Ppf Account Maturity Date Calculator
Public Provident Fund (PPF) is a long-term, low-risk investment scheme offered by the Government of India. The PPF account maturity date calculator helps you determine when your PPF investment will mature based on the deposit date and the chosen tenure.
What is PPF Account?
The Public Provident Fund (PPF) is a savings-cum-investment scheme launched by the Government of India in 1968. It is managed by the Office of the Controller of Public Accounts (CPA) under the Ministry of Finance.
Key features of PPF account include:
- Minimum investment of ₹500 and maximum of ₹1,50,000 per financial year
- Lock-in period of 15 years
- Interest rate fixed by the Government of India, currently 7.1% per annum
- Tax benefits under Section 80C of the Income Tax Act
- Nomination facility available
The PPF account is a popular choice for long-term savings and investment due to its guaranteed returns and tax benefits.

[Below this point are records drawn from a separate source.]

lemma minus_det_estimate_steep:
  fixes p q A E :: real
  assumes "0 \<le> p" "p \<le> 1001/1000" "p + 3*E \<le> 4001/1000" "0 \<le> q" "q \<le> 1001/1000"
    "0 \<le> A" "A \<le> 2" "0 \<le> E"
  shows "p*q + A*E < 63/20"
proof -
  have "A*E \<le> 2*E" by (rule mult_right_mono) (use assms in auto)
  moreover have "p*(3*q - 2) \<le> p*(1003/1000)" by (rule mult_left_mono) (use assms in auto)
  ultimately show ?thesis using assms by (simp add: algebra_simps)
qed

lemma minus_det_estimate_balanced:
  fixes p q A E :: real
  assumes "0 \<le> p" "p \<le> 1001/1000" "0 \<le> q" "q \<le> 1001/1000"
    and "21/20 \<le> A" "A \<le> 2" "21/20 \<le> E" "E \<le> 2"
    and "A \<le> q + 1001/1000" "E \<le> p + 1001/1000" "p + 2*E \<le> 4001/1000"
    and "2*A + q \<le> 4001/1000" "A + q \<le> 2001/1000"
  shows "p*q + A*E < 63/20"
proof (cases "p \<le> 2/3")
  case True
  have "A*E \<le> A*(p + 1001/1000)" by (rule mult_left_mono) (use assms in auto)
  moreover have "p*(q + A) \<le> (2/3)*(2001/1000)" by (rule mult_mono) (use assms True in auto)
  ultimately show ?thesis using assms by (simp add: algebra_simps)
next
  case False
  have "A*(2*E) \<le> A*(4001/1000 - p)" by (rule mult_left_mono) (use assms in auto)
  then have "2*(A*E) \<le> 4001/1000*A - p*A" by (simp add: algebra_simps)
  moreover have "p*q \<le> p*(2001/1000 - A)" by (rule mult_left_mono) (use assms in auto)
  then have "p*q \<le> 2001/1000*p - p*A" by (simp add: algebra_simps)
  moreover have "0 \<le> (p - 2/3)*(A - 21/20)" using False assms by simp
  then have "21/20*p + 2/3*A - 7/10 \<le> p*A" by (simp add: field_simps)
  ultimately show ?thesis using assms by linarith
qed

How to Calculate PPF Maturity Date
Calculating the PPF maturity date is straightforward. You need to know the deposit date and the chosen tenure (15, 20, or 25 years). The maturity date is simply the deposit date plus the tenure.
Formula: Maturity Date = Deposit Date + Tenure (in years)
For example, if you deposit ₹500 on January 1, 2023, and choose a 15-year tenure, your PPF account will mature on January 1, 2038.
It's important to note that the PPF account cannot be withdrawn before the maturity date, except in certain exceptional circumstances.
Example Calculation
Let's consider an example to understand how the PPF maturity date is calculated.
| Deposit Date | Tenure | Maturity Date |
|---|---|---|
| January 15, 2023 | 15 years | January 15, 2038 |
| March 10, 2022 | 20 years | March 10, 2042 |
| July 22, 2020 | 25 years | July 22, 2045 |
As shown in the table, the maturity date is calculated by adding the tenure to the deposit date. The exact date remains the same, only the year changes.